Exercise brief — The expected response is a copy of every line in the entries below that includes the word "them".

Data records —
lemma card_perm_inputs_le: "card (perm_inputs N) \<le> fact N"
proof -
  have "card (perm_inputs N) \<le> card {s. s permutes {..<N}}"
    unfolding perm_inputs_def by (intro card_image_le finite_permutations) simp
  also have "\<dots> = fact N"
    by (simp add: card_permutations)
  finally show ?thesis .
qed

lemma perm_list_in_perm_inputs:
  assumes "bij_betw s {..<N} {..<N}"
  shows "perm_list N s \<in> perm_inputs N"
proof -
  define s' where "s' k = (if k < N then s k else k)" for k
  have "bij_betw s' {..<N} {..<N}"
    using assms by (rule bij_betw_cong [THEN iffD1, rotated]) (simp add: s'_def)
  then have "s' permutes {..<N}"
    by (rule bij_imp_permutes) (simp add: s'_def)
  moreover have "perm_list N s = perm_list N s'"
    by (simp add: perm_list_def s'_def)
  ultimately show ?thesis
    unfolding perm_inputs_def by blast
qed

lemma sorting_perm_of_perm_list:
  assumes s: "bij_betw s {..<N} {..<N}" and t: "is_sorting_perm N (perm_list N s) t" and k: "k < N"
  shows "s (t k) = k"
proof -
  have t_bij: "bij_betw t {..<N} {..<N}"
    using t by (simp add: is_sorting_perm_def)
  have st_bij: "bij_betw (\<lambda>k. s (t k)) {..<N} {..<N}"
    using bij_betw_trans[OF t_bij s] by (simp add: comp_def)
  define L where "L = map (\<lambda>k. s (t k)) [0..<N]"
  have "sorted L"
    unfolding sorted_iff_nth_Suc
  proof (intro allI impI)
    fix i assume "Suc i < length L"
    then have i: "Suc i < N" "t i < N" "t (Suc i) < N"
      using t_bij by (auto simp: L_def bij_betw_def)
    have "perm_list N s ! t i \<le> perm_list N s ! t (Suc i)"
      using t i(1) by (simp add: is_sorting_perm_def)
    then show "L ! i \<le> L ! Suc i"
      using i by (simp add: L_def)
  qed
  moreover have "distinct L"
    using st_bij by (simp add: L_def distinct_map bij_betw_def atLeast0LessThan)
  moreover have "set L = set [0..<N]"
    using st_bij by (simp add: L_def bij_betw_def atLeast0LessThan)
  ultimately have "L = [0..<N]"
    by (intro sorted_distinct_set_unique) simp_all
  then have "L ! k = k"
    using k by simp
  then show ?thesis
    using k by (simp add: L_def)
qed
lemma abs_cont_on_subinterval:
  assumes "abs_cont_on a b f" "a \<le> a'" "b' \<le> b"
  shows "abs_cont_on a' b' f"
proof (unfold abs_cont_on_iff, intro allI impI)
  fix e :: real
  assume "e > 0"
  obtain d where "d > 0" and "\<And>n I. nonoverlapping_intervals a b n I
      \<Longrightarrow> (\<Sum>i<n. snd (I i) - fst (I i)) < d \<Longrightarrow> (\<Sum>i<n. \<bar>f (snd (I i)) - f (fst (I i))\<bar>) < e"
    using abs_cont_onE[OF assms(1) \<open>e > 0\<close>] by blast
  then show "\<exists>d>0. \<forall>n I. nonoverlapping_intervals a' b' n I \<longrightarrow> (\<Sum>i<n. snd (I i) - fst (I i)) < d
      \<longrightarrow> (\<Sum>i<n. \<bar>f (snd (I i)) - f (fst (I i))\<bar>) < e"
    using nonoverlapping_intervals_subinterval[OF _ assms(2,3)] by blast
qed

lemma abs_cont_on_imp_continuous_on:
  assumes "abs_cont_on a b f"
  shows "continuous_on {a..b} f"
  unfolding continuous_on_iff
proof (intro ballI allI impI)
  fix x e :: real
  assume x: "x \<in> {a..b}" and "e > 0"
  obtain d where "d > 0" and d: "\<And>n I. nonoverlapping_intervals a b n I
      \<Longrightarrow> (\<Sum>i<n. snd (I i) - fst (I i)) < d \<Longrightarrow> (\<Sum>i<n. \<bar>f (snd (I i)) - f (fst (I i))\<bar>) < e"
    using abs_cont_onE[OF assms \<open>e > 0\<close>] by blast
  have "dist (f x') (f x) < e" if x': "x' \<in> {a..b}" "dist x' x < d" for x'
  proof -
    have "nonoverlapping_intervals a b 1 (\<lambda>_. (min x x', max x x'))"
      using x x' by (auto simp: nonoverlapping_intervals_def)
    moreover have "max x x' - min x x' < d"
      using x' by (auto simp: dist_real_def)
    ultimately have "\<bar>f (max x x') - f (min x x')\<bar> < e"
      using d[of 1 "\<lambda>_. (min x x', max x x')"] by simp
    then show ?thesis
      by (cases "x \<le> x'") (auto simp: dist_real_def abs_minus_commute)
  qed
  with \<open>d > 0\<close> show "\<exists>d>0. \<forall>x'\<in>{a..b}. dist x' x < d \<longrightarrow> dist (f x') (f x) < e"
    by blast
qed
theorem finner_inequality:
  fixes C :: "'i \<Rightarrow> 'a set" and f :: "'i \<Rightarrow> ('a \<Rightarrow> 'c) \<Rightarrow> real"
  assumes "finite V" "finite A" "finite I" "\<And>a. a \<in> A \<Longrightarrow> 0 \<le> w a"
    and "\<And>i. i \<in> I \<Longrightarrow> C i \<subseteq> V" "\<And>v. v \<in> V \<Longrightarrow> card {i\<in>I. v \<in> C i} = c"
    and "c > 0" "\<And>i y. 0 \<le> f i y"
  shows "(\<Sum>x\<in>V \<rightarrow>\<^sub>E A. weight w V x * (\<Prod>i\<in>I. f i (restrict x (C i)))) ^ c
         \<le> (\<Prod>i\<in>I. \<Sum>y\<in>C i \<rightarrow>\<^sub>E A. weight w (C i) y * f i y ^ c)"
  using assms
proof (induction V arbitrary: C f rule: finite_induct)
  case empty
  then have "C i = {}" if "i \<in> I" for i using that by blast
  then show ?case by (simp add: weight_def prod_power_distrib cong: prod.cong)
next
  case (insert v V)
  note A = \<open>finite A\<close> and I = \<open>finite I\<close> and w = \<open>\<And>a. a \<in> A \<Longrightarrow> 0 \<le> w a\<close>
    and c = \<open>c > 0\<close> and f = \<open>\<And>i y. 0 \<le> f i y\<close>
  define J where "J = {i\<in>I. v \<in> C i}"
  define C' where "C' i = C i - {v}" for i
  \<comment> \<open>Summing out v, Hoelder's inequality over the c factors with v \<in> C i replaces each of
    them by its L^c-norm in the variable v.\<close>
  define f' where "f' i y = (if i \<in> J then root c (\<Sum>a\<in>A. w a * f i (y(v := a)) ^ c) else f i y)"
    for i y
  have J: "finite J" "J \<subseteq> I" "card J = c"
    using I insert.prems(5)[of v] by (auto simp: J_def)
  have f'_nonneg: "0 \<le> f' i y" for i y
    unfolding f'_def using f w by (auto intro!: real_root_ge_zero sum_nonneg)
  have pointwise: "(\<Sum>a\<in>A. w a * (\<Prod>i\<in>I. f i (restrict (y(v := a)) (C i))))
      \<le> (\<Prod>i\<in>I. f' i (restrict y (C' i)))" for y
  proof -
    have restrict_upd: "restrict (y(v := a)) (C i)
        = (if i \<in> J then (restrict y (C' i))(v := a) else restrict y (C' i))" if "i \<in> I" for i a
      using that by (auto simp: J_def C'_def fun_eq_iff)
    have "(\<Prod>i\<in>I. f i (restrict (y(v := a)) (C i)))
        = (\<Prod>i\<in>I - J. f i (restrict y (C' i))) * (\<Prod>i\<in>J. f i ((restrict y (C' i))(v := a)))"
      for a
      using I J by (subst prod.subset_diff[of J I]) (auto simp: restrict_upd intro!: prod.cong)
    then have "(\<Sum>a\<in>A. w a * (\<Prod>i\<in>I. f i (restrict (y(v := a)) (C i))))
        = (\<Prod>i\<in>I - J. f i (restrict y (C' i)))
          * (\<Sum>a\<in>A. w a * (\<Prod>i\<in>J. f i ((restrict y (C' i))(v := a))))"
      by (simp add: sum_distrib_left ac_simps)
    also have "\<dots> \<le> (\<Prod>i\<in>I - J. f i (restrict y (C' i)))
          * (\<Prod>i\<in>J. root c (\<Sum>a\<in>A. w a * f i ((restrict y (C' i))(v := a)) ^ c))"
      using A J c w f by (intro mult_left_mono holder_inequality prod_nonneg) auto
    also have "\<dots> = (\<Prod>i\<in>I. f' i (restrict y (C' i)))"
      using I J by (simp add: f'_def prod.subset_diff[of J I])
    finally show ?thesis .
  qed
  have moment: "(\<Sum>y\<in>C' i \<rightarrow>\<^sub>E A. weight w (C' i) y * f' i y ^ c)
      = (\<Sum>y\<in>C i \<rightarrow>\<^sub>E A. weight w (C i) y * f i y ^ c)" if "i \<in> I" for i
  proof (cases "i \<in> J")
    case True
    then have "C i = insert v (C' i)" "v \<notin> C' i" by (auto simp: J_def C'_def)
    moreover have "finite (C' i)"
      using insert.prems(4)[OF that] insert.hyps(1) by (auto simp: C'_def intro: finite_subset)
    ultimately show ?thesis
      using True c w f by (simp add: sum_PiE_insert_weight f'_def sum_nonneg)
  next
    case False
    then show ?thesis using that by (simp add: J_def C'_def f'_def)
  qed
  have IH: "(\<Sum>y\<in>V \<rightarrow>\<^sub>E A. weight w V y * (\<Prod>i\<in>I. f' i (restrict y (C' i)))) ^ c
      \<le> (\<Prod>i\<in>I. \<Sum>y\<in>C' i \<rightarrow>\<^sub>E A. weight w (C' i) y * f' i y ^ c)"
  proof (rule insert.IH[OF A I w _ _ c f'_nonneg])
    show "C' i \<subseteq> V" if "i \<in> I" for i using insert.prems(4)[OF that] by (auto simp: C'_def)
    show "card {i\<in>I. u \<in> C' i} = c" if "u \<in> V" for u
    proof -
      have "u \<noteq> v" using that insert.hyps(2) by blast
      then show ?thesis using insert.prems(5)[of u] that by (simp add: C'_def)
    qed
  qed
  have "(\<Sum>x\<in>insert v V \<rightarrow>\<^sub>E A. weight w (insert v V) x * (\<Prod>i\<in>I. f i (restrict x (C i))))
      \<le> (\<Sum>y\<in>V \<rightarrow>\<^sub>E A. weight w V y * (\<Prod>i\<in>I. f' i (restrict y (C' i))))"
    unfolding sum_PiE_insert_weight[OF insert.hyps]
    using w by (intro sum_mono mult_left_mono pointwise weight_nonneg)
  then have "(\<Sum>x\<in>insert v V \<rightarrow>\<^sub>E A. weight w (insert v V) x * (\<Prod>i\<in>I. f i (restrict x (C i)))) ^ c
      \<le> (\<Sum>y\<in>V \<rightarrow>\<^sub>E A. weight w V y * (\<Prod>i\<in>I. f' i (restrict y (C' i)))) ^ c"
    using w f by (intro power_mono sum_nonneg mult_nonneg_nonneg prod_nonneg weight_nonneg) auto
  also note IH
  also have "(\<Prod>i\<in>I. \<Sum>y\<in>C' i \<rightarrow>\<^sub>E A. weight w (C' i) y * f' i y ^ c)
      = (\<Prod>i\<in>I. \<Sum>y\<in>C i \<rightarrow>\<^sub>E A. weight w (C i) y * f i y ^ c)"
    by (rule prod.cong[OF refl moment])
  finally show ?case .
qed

* * *

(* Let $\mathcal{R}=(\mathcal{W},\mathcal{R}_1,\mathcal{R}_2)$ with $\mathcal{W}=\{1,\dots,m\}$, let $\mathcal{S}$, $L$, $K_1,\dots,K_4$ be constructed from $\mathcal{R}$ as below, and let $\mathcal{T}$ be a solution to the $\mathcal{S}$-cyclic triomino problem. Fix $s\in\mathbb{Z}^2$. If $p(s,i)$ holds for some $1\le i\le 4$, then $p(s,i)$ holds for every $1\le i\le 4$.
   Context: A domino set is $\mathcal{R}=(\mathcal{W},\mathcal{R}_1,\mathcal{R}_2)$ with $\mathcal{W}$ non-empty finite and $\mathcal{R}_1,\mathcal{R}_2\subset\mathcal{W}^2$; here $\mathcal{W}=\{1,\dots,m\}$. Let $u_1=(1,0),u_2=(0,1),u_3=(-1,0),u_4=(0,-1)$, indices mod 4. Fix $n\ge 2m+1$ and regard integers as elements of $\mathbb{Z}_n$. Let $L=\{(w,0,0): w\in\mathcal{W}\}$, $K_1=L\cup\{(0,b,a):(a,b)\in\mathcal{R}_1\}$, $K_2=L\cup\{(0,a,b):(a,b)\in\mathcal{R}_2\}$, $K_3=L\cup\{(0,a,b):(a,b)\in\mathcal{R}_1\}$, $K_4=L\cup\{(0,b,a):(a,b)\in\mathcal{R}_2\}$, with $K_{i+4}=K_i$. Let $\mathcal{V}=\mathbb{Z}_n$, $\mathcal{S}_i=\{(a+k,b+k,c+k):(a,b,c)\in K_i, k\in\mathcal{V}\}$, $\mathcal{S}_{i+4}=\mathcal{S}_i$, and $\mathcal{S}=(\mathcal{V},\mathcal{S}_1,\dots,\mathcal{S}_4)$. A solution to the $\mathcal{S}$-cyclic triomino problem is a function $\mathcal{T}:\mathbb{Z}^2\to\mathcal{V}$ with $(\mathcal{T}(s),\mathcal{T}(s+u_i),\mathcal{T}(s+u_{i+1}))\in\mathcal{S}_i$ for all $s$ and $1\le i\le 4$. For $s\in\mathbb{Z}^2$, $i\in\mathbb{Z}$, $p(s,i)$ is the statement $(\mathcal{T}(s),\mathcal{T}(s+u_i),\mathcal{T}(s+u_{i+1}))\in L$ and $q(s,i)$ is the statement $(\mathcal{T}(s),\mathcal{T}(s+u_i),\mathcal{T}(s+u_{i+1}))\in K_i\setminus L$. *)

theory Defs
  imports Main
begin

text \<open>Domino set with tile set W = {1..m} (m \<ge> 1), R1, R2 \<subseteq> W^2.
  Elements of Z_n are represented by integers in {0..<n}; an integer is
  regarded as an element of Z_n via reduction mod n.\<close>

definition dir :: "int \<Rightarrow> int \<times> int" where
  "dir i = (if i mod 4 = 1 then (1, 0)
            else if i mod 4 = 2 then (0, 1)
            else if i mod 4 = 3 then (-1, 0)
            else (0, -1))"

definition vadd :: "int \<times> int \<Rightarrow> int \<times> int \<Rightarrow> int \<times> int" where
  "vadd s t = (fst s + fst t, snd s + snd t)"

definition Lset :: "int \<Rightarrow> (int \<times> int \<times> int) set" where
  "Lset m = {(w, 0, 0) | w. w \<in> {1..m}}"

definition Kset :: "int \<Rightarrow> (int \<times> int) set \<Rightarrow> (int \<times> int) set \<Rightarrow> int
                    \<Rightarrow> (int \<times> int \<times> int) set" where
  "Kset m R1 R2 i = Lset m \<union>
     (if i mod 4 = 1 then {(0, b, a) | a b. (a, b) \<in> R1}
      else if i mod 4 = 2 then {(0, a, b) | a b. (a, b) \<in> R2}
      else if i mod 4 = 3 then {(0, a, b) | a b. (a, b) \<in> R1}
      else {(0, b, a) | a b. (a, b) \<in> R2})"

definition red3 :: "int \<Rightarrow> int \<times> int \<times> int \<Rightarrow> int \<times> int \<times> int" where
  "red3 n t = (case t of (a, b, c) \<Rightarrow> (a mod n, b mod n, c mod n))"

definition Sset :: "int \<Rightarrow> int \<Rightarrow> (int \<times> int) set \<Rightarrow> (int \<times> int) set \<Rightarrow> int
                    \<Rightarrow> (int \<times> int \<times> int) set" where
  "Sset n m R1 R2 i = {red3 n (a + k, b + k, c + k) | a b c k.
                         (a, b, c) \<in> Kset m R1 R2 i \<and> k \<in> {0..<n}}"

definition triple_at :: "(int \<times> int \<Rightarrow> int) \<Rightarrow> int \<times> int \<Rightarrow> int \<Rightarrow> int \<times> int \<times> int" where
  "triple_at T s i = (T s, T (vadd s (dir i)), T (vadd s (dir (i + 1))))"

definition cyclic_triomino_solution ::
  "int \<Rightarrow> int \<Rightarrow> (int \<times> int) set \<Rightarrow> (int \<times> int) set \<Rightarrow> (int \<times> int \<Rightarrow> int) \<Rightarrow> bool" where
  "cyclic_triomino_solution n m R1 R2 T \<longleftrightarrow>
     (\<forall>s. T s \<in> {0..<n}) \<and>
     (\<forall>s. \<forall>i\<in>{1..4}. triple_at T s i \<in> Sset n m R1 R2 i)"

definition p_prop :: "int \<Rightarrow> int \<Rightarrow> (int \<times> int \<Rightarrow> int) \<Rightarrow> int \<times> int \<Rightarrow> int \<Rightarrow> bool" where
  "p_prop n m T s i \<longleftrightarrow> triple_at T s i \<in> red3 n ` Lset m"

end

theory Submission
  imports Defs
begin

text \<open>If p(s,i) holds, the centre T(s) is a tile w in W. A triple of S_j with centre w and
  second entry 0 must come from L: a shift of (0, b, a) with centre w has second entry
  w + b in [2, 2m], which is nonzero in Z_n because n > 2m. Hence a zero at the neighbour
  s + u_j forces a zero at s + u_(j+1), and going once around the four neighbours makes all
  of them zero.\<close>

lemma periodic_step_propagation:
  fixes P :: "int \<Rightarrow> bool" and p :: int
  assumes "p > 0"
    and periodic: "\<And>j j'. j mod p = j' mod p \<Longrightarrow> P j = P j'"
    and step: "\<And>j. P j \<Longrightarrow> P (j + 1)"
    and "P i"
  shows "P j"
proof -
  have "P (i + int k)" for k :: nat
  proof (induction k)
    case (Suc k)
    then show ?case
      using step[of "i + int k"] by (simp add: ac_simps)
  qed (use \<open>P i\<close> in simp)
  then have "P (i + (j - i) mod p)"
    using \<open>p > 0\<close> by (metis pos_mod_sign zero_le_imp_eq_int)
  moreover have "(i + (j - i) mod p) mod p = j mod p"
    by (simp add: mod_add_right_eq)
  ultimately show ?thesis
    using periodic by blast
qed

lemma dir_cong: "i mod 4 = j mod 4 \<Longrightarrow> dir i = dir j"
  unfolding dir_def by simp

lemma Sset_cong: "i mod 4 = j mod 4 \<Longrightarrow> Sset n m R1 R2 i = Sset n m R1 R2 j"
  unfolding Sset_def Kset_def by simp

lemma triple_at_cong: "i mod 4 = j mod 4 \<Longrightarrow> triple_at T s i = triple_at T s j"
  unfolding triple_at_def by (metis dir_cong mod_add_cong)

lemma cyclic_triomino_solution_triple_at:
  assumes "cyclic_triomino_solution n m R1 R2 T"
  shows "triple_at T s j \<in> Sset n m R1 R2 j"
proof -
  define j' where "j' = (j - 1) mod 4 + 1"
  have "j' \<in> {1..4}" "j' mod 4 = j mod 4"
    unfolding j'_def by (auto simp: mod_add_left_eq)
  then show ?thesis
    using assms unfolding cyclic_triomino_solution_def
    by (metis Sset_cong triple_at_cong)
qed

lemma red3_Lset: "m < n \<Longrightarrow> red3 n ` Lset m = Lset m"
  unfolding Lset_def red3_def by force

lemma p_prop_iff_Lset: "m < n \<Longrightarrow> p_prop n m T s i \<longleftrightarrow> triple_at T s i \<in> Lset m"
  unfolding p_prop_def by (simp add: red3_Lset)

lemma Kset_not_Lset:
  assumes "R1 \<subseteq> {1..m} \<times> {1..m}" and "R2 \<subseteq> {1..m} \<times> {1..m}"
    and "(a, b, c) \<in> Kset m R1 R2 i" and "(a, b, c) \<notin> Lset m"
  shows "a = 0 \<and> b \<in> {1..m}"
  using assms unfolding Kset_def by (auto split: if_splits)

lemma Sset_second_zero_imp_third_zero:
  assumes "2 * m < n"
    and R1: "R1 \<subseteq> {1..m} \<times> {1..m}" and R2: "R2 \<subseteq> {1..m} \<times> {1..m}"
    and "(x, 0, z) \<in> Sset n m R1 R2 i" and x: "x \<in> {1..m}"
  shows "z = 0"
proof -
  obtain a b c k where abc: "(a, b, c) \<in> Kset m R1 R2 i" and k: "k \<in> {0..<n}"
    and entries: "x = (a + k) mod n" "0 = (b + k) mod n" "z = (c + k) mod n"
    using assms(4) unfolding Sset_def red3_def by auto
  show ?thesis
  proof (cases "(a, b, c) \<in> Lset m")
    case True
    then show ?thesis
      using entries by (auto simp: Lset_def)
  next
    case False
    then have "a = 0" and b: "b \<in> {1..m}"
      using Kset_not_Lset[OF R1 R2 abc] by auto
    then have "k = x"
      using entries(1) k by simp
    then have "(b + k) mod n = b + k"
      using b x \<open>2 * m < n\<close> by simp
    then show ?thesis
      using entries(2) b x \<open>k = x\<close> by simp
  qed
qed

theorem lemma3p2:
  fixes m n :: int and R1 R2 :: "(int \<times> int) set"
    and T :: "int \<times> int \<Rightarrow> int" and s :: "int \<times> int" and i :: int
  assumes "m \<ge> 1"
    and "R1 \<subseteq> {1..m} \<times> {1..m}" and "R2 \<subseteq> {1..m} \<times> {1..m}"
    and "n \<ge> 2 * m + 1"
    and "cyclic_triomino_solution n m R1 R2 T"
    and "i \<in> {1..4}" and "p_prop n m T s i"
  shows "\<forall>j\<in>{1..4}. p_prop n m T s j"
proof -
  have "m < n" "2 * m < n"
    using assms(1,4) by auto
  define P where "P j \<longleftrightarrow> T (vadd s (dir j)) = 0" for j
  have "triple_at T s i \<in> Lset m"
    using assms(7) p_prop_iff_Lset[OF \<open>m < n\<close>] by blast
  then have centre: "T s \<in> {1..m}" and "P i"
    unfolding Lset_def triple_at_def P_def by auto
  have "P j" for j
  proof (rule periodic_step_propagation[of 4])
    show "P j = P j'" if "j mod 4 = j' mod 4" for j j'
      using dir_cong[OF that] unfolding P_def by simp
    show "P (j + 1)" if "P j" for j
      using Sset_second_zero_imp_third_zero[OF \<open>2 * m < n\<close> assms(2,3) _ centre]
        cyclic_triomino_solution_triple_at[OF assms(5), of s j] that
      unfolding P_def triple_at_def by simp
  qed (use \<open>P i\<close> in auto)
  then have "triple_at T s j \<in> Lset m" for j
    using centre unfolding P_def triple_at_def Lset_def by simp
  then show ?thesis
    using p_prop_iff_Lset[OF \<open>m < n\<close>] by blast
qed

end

Solution for this task —
    them by its L^c-norm in the variable v.\<close>
  of them zero.\<close>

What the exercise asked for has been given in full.